Задержавшись в кухне, я услышал, как она ласково обратилась к моей невесте:

– Послушайте меня, Валечка, не надо выходить за него замуж. Я знаю своего сына – он вас бросит.

– Разве он плохой? – спросила Валя.

– Он очень хороший, – сказала мама. – Но с ним целая трагедия. Мне неловко выдавать его тайну…

– Я знаю, – сказала Валя. – Это все уже в прошлом.

– Он сам вам так говорил?

– Нет, он не говорил, но я чувствую…

– …А где твоя мама? – спросила меня Валя на ростовском бульваре.

– Умерла.

В Ленинграде я поселился в Саперном переулке, в квартире отставного журналиста из санкт-петербургских «Биржевых ведомостей».

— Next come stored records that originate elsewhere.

lemma
  assumes p: "1 \<le> p" and f: "f \<in> PiB p" and "vholo g" "g 0 = 0" "0 \<le> k"
    and "\<And>z. z \<in> disc \<Longrightarrow> norm (cderiv g z) \<le> k * norm (cderiv f z)"
  shows PiB_dominated: "g \<in> PiB p"
    and piB_dominated: "piB p g \<le> k * piB p f"
proof -
  have "psum_cond p g (k * piB p f)"
    by (rule psum_cond_dominated[OF p psum_cond_piB[OF p f]]) (use assms in auto)
  moreover have "0 \<le> k * piB p f" using assms piB_nonneg[OF f] by simp
  ultimately show "g \<in> PiB p" "piB p g \<le> k * piB p f"
    using PiBI piB_le assms by blast+
qed

lemma
  assumes "1 \<le> p" "f \<in> PiB p"
  shows PiB_BlochHat: "f \<in> BlochHat"
    and bloch_seminorm_le_piB: "bloch_seminorm f \<le> piB p f"
  using assms BlochHatI bloch_seminorm_le PiB_cderiv_bound unfolding PiB_def by blast+

lemma PiB_zero: "1 \<le> p \<Longrightarrow> (\<lambda>z. 0) \<in> PiB p"
  using PiBI[OF vholo_const, of 0 0 p] lpn_zero by (simp add: psum_cond_iff cderiv_const)

lemma
  assumes p: "1 \<le> p" and f: "f \<in> PiB p" and g: "g \<in> PiB p"
  shows PiB_add: "(\<lambda>z. f z + g z) \<in> PiB p"
    and piB_add: "piB p (\<lambda>z. f z + g z) \<le> piB p f + piB p g"
proof -
  have "vholo f" "vholo g" and "f 0 + g 0 = 0" using f g unfolding PiB_def by auto
  from \<open>vholo f\<close> \<open>vholo g\<close> have "vholo (\<lambda>z. f z + g z)" by (rule vholo_add)
  moreover have "psum_cond p (\<lambda>z. f z + g z) (piB p f + piB p g)"
    using \<open>vholo f\<close> \<open>vholo g\<close>
    by (intro psum_cond_add[OF p psum_cond_piB[OF p f] psum_cond_piB[OF p g]])
       (simp add: cderiv_add norm_triangle_ineq)
  moreover have "0 \<le> piB p f + piB p g" using piB_nonneg[OF f] piB_nonneg[OF g] by simp
  ultimately show "(\<lambda>z. f z + g z) \<in> PiB p" "piB p (\<lambda>z. f z + g z) \<le> piB p f + piB p g"
    using PiBI piB_le \<open>f 0 + g 0 = 0\<close> by blast+
qed

lemma
  assumes p: "1 \<le> p" and f: "f \<in> PiB p"
  shows PiB_cscale: "(\<lambda>z. a *\<^sub>C f z) \<in> PiB p"
    and piB_cscale: "piB p (\<lambda>z. a *\<^sub>C f z) = cmod a * piB p f"
proof -
  have f_vholo: "vholo f" and "f 0 = 0" using f unfolding PiB_def by auto
  show af: "(\<lambda>z. a *\<^sub>C f z) \<in> PiB p"
    using PiB_dominated[OF p f vholo_cscale[OF f_vholo], where k = "cmod a"] \<open>f 0 = 0\<close>
    by (simp add: cderiv_cscale[OF f_vholo] norm_cscale cscale_right.zero)
  have "piB p (\<lambda>z. a *\<^sub>C f z) \<le> cmod a * piB p f"
    using piB_dominated[OF p f vholo_cscale[OF f_vholo], where k = "cmod a"] \<open>f 0 = 0\<close>
    by (simp add: cderiv_cscale[OF f_vholo] norm_cscale cscale_right.zero)
  moreover have "cmod a * piB p f \<le> piB p (\<lambda>z. a *\<^sub>C f z)" if "a \<noteq> 0"
  proof -
    have "norm (cderiv f z) \<le> inverse (cmod a) * norm (cderiv (\<lambda>z. a *\<^sub>C f z) z)" if "z \<in> disc" for z
      using \<open>a \<noteq> 0\<close> by (simp add: cderiv_cscale[OF f_vholo that] norm_cscale field_simps)
    then have "piB p f \<le> inverse (cmod a) * piB p (\<lambda>z. a *\<^sub>C f z)"
      by (intro piB_dominated[OF p af f_vholo \<open>f 0 = 0\<close>]) auto
    then show ?thesis using that by (simp add: field_simps)
  qed
  ultimately show "piB p (\<lambda>z. a *\<^sub>C f z) = cmod a * piB p f"
    using piB_nonneg[OF af] by (cases "a = 0") auto
qed

lemma PiB_diff: "1 \<le> p \<Longrightarrow> f \<in> PiB p \<Longrightarrow> g \<in> PiB p \<Longrightarrow> (\<lambda>z. f z - g z) \<in> PiB p"
  using PiB_add PiB_cscale[of p g "-1"] by (fastforce simp: cscale_left.minus)

lemma piB_eq_0_iff:
  assumes p: "1 \<le> p" and f: "f \<in> PiB p"
  shows "piB p f = 0 \<longleftrightarrow> (\<forall>z\<in>disc. f z = 0)"
proof
  have f_vholo: "vholo f" and "f 0 = 0" using f unfolding PiB_def by auto
  assume "piB p f = 0"
  then have "cderiv f z = 0" if "z \<in> disc" for z
    using PiB_cderiv_bound[OF p f that] one_minus_norm_sq_pos[OF that] by (simp add: mult_le_0_iff)
  then have "(f has_derivative (\<lambda>h. 0)) (at z within disc)" if "z \<in> disc" for z
    using vholo_has_cderiv[OF f_vholo that] that
    unfolding has_cderiv_def by (simp add: cscale_right.zero has_derivative_at_withinI)
  then obtain c where "\<forall>z\<in>disc. f z = c"
    using has_derivative_zero_constant[of disc f] by auto
  then show "\<forall>z\<in>disc. f z = 0" using \<open>f 0 = 0\<close> by simp
next
  assume "\<forall>z\<in>disc. f z = 0"
  then have "cderiv f z = 0" if "z \<in> disc" for z
    using cderiv_vanishing that by blast
  then have "piB p f \<le> 0 * piB p (\<lambda>z. 0)"
    using f unfolding PiB_def by (intro piB_dominated[OF p PiB_zero[OF p]]) auto
  then show "piB p f = 0" using piB_nonneg[OF f] by simp
qed

lemma norm_cderiv_rank_one:
  "vholo g \<Longrightarrow> z \<in> disc \<Longrightarrow> norm (cderiv (\<lambda>z. g z *\<^sub>C x) z) = norm x * cmod (cderiv g z)"
  using cderiv_linear[OF _ cbounded_linear_cscale_left[of x]] by (simp add: norm_cscale mult.commute)

lemma psum_cond_rank_one:
  assumes p: "1 \<le> p" and g: "g \<in> BlochHat"
  shows "psum_cond p (\<lambda>z. g z *\<^sub>C x) (bloch_seminorm g * norm x)"
  unfolding psum_cond_iff
proof (intro allI impI)
  fix n :: nat and lam zs :: "nat \<Rightarrow> complex" assume zs: "\<forall>i<n. zs i \<in> disc"
  have g_vholo: "vholo g" using g unfolding BlochHat_def by auto
  have "lpn p (\<lambda>i. cmod (lam i) * norm (cderiv (\<lambda>z. g z *\<^sub>C x) (zs i))) n
      = lpn p (\<lambda>i. norm x * (cmod (lam i) * cmod (cderiv g (zs i)))) n"
    using zs by (intro lpn_cong[OF p]) (simp add: norm_cderiv_rank_one[OF g_vholo] mult_ac)
  also have "\<dots> = norm x * lpn p (\<lambda>i. cmod (lam i) * cmod (cderiv g (zs i))) n"
    by (simp add: lpn_scale[OF p])
  also have "\<dots> \<le> norm x * (bloch_seminorm g * weak_lpn p lam zs n)"
    by (rule mult_left_mono[OF lpn_le_weak_lpn[OF p zs g]]) simp
  finally show "lpn p (\<lambda>i. cmod (lam i) * norm (cderiv (\<lambda>z. g z *\<^sub>C x) (zs i))) n
      \<le> bloch_seminorm g * norm x * weak_lpn p lam zs n"
    by (simp add: mult_ac)
qed

lemma
  assumes p: "1 \<le> p" and g: "g \<in> BlochHat"
  shows PiB_rank_one: "(\<lambda>z. g z *\<^sub>C x) \<in> PiB p"
    and piB_rank_one: "piB p (\<lambda>z. g z *\<^sub>C x) = bloch_seminorm g * norm x"
proof -
  have g_vholo: "vholo g" and "g 0 = 0" using g unfolding BlochHat_def by auto
  have gx_vholo: "vholo (\<lambda>z. g z *\<^sub>C x)"
    by (rule vholo_linear[OF g_vholo cbounded_linear_cscale_left[of x]])
  have gx: "(\<lambda>z. g z *\<^sub>C x) \<in> PiB p"
    and le: "piB p (\<lambda>z. g z *\<^sub>C x) \<le> bloch_seminorm g * norm x"
    using PiBI piB_le gx_vholo psum_cond_rank_one[OF p g] \<open>g 0 = 0\<close> bloch_seminorm_nonneg[OF g]
      cscale_left.zero
    by (metis mult_nonneg_nonneg norm_ge_zero)+
  show "(\<lambda>z. g z *\<^sub>C x) \<in> PiB p" by (rule gx)
  have "bloch_seminorm g * norm x \<le> piB p (\<lambda>z. g z *\<^sub>C x)"
  proof (cases "x = 0")
    case False
    have "(1 - (cmod z)\<^sup>2) * norm (cderiv g z) \<le> piB p (\<lambda>z. g z *\<^sub>C x) / norm x" if "z \<in> disc" for z
      using PiB_cderiv_bound[OF p gx that] norm_cderiv_rank_one[OF g_vholo that, where x = x] False
      by (simp add: pos_le_divide_eq mult_ac)
    then have "bloch_seminorm g \<le> piB p (\<lambda>z. g z *\<^sub>C x) / norm x"
      by (rule bloch_seminorm_le[OF g_vholo \<open>g 0 = 0\<close>])
    then show ?thesis using False by (simp add: pos_le_divide_eq)
  qed (use piB_nonneg[OF gx] in simp)
  with le show "piB p (\<lambda>z. g z *\<^sub>C x) = bloch_seminorm g * norm x" by simp
qed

Сдавая мне темную комнату прислуги рядом с кухней, он прежде всего пригласил меня в уборную и показал, как надо спускать воду в унитаз.

– Прошу вас повторить при мне, – сказал хозяин.

Его усатая жена предупредила меня, что я не должен пользоваться парадным ходом и ванной.

– Это не значит, – сказала она, – что вам не следует ходить в баню.

В квартире было тихо, как в погребе. Из хозяйских комнат не доносилось ни звука. Обутые в войлочные туфли, супруги бесшумно бродили по квартире, неотвратимо появляясь за моей спиной.

Я зажигал свет в кухне – они его гасили.

Я открывал кран над раковиной – они его закрывали.

Я разжигал примус – они его укрощали.

Перед сном до меня доносился скрежет запоров, звяканье цепей и разноголосое щелканье замков. На ночь хозяева закрывались внутри квартиры и от меня. Мне казалось, им не скучно в этом лютом одиночестве: подозрительность и недоверие к людям отнимают у человека много времени и сил. Конвоируемый этими чувствами, он занят круглые сутки. Доверчивому человеку хуже: одиночество непереносимо для него. В первые три месяца я не видел Ленинграда.

Разложив в пустых папиросных коробках деньги, привезенные из дому, я судорожно готовился к экзаменам в институт. Всю свою жалкую наличность я разменял в магазинах на девяносто равных порций – по рублю в день. Аккуратно сложенные, они соблазняли меня донельзя. И чтобы выстоять, я ограничил свои прогулки тоскливыми маршрутами: скучная, как труба, Бассейная улица, обрубки переулков рядом с моим Саперным, безликая Знаменская – вот все, что я себе позволял.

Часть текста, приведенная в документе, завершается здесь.